Information supplied:

lemma slice_Rtens_Int:
  assumes pm: "p + k + N \<le> m" and x1: "x \<in> Rtens m p" and x2: "x \<in> Rtens m (p + k)"
    and a: "a \<in> words X p" and b: "b \<in> words X (m - N - p - k)"
  shows "slice x a b \<in> tens X k (Rbar X R) 0 \<inter> tens X 0 (Rbar X R) k"
proof -
  let ?Rb = "Rbar X R" and ?y = "slice x a b"
  have xv: "x \<in> vecs X m" and sl1: "\<forall>a\<in>words X p. \<forall>b\<in>words X (m - N - p). slice x a b \<in> ?Rb"
    using x1 Rtens_eq_slices[of p m] pm by auto
  have sl2: "\<forall>a\<in>words X (p + k). \<forall>b\<in>words X (m - N - (p + k)). slice x a b \<in> ?Rb"
    using x2 Rtens_eq_slices[of "p + k" m] pm by auto
  have mq: "m = p + (N + k) + (m - N - p - k)" using pm by simp
  have yv: "?y \<in> vecs X (N + k)" using slice_vecs[OF xv mq a b] .
  have "slice ?y c [] \<in> ?Rb" if "c \<in> words X k" for c
  proof -
    have "a @ c \<in> words X (p + k)" using that a by (auto simp: in_words)
    moreover have "b \<in> words X (m - N - (p + k))" using b by (metis diff_diff_left)
    ultimately show ?thesis using sl2 by (simp add: slice_slice del: append_in_words)
  qed
  then have "?y \<in> tens X k ?Rb 0"
    using yv tens_eq_slices[OF finite_X subspace_Rbar, of "N + k" k 0] by (auto simp: words_0)
  moreover have "slice ?y [] c \<in> ?Rb" if "c \<in> words X k" for c
  proof -
    have "c @ b \<in> words X (m - N - p)" using that b pm by (auto simp: in_words)
    then show ?thesis using sl1 a by (simp add: slice_slice del: append_in_words)
  qed
  then have "?y \<in> tens X 0 ?Rb k"
    using yv tens_eq_slices[OF finite_X subspace_Rbar, of "N + k" 0 k] by (auto simp: words_0)
  ultimately show ?thesis by blast
qed

end

section \<open>Extra-confluence\<close>

locale extra_confluent_presentation = finite_reduced_presentation +
  assumes extra_confluent: "extra_confluent X N R"
begin

lemma side_confluent: "side_confluent X N R"
  using extra_confluent by (simp add: extra_confluent_def)

lemma Rtens_extra_confluent_step:
  assumes k: "2 \<le> k" "k \<le> N - 1" and pm: "p + k + N \<le> m"
    and x1: "x \<in> Rtens m p" and x2: "x \<in> Rtens m (p + k)"
  shows "x \<in> Rtens m (p + k - 1)"
proof -
  let ?Rb = "Rbar X R"
  have ext: "tens X k ?Rb 0 \<inter> tens X 0 ?Rb k \<subseteq> tens X (k - 1) ?Rb 1"
    using extra_confluent k by (simp add: extra_confluent_def)
  have "slice x A B \<in> ?Rb" if A: "A \<in> words X (p + k - 1)" and B: "B \<in> words X (m - N - (p + k - 1))" for A B
  proof -
    define a c d b where "a = take p A" "c = drop p A" "d = take 1 B" "b = drop 1 B"
    have a: "a \<in> words X p" and c: "c \<in> words X (k - 1)"
      using A k unfolding a_c_d_b_def by (auto simp: in_words dest: in_set_takeD in_set_dropD)
    have d: "d \<in> words X 1" and b: "b \<in> words X (m - N - p - k)"
      using B k pm unfolding a_c_d_b_def by (auto simp: in_words dest: in_set_takeD in_set_dropD)
    have "slice x a b \<in> tens X (k - 1) ?Rb 1" using ext slice_Rtens_Int[OF pm x1 x2 a b] by blast
    then have "slice (slice x a b) c d \<in> ?Rb"
      using tens_eq_slices[OF finite_X subspace_Rbar, of "N + k" "k - 1" 1] k c d by auto
    then show ?thesis by (simp add: slice_slice a_c_d_b_def)
  qed
  then show ?thesis using Rtens_eq_slices[of "p + k - 1" m] pm Rtens_vecs[of p m x] x1 by auto
qed

lemma Rtens_interval:
  assumes d: "d \<le> N - 1" and am: "a + d + N \<le> m"
    and x1: "x \<in> Rtens m a" and x2: "x \<in> Rtens m (a + d)" and k: "k \<le> d"
  shows "x \<in> Rtens m (a + k)"
  using d am x2 k
proof (induction d)
  case (Suc d)
  show ?case
  proof (cases "k = Suc d")
    case False
    have "x \<in> Rtens m (a + d)"
    proof (cases d)
      case 0
      then show ?thesis using x1 by simp
    next
      case (Suc d')
      then show ?thesis
        using Rtens_extra_confluent_step[of "Suc d" a m x] "Suc.prems" x1 by simp
    qed
    then show ?thesis using Suc.IH "Suc.prems" False by simp
  qed (use "Suc.prems" in simp)
qed (use x1 in simp)

text \<open>The element of \<open>Rtens m i \<inter> Rtens m j\<close> with leading word \<open>w\<close>, built from the two
  reductions of \<open>w\<close>, lies in \<open>Rtens m (j - 1)\<close> by extra-confluence.\<close>

lemma reducible_at_pred:
  assumes ij: "i < j" "2 \<le> j - i" "j - i \<le> N - 1" and jm: "j + N \<le> m"
    and w: "w \<in> words X m" and ri: "reducible_at i w" and rj: "reducible_at j w"
  shows "reducible_at (j - 1) w"
proof -
  have im: "i + N \<le> m" using ij jm by simp
  let ?gi = "word_vec w - mapply X m (Sop X N R m i) (word_vec w)"
  let ?gj = "word_vec w - mapply X m (Sop X N R m j) (word_vec w)"
  note gi = reducible_at_Rtens_elem[OF im w ri] and gj = reducible_at_Rtens_elem[OF jm w rj]
  have mgj: "- ?gj \<in> Rtens m j" by (rule subspace_uminus[OF subspace_Rtens[OF jm] gj(1)])
  have "supp_le (?gi + - ?gj) w" by (intro supp_le_add supp_le_uminus gi(3) gj(3))
  moreover have "(?gi + - ?gj) w = 0" by (simp only: plus_fun_apply uminus_apply gi(2) gj(2)) simp
  ultimately have "supp_lt (?gi + - ?gj) w" by (rule supp_le_imp_lt)
  moreover have "standard_pair (Rtens m i) (Rtens m j)"
    using ij by (intro standard_pair_Rtens[OF side_confluent _ im jm]) auto
  ultimately obtain p q where pq: "p \<in> Rtens m i" "q \<in> Rtens m j" "?gi + - ?gj = p + q"
    "supp_lt p w" "supp_lt q w"
    using gi(1) mgj unfolding standard_pair_def by blast
  let ?v = "?gi - p"
  have "?v \<in> Rtens m i" by (rule subspace_diff[OF subspace_Rtens[OF im] gi(1) pq(1)])
  moreover have "?v = ?gj + q" using pq(3) by (simp add: fun_eq_iff algebra_simps)
  then have "?v \<in> Rtens m j" using subspace_add[OF subspace_Rtens[OF jm] gj(1) pq(2)] by metis
  ultimately have "?v \<in> Rtens m (j - 1)"
    using Rtens_extra_confluent_step[of "j - i" i m ?v] ij jm by simp
  moreover have "p w = 0" using pq(4) by (auto simp: supp_lt_def)
  then have "?v w \<noteq> 0" using gi(2) by simp
  moreover have "supp_le ?v w" by (intro supp_le_diff gi(3) supp_lt_imp_le pq(4))
  ultimately show ?thesis using Rtens_leading_word_reducible[of "j - 1" m ?v w] jm w by simp
qed

lemma sum_family_leading_word_reducible:
  assumes finI: "finite I" and Im: "\<And>i. i \<in> I \<Longrightarrow> i + N \<le> m"
    and width: "\<And>i j. i \<in> I \<Longrightarrow> j \<in> I \<Longrightarrow> i \<le> j + (N - 1)"
    and z: "z \<in> sum_family (Rtens m) I" and w: "w \<in> words X m" "z w \<noteq> 0" "supp_le z w"
  obtains i where "i \<in> I" "reducible_at i w"
proof -
  obtain e where e: "\<And>i. i \<in> I \<Longrightarrow> e i \<in> Rtens m i" "z = sum e I"
    using z by (auto simp: sum_family_def)
  obtain e' where e': "\<And>i. i \<in> I \<Longrightarrow> e' i \<in> Rtens m i" "\<And>i. i \<in> I \<Longrightarrow> supp_le (e' i) w"
    and sum_e': "sum e' I = sum e I"
  proof (rule sum_family_bounded_decomp[OF finite_X finI])
    show "subspace X m (Rtens m i)" if "i \<in> I" for i using subspace_Rtens Im that by blast
    show "standard_pair (Rtens m i) (Rtens m j)" if "i \<in> I" "j \<in> I" "i \<noteq> j" for i j
      using standard_pair_Rtens[OF side_confluent] Im width that by blast
  qed (use e w in auto)
  have "(\<Sum>i\<in>I. e' i w) \<noteq> 0" using w(2) e(2) sum_e' by (simp add: sum_fun_apply[symmetric])
  then obtain i where "i \<in> I" "e' i w \<noteq> 0" by (meson sum.not_neutral_contains_not_neutral)
  then show ?thesis
    using that Rtens_leading_word_reducible[OF Im e'(1)] w(1) e'(2) by blast
qed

Requirement:
Only the lines from the one containing "Im that by blast" through the end of the listing belong in the response, each reproduced exactly.

Exercise output:
    show "subspace X m (Rtens m i)" if "i \<in> I" for i using subspace_Rtens Im that by blast
    show "standard_pair (Rtens m i) (Rtens m j)" if "i \<in> I" "j \<in> I" "i \<noteq> j" for i j
      using standard_pair_Rtens[OF side_confluent] Im width that by blast
  qed (use e w in auto)
  have "(\<Sum>i\<in>I. e' i w) \<noteq> 0" using w(2) e(2) sum_e' by (simp add: sum_fun_apply[symmetric])
  then obtain i where "i \<in> I" "e' i w \<noteq> 0" by (meson sum.not_neutral_contains_not_neutral)
  then show ?thesis
    using that Rtens_leading_word_reducible[OF Im e'(1)] w(1) e'(2) by blast
qed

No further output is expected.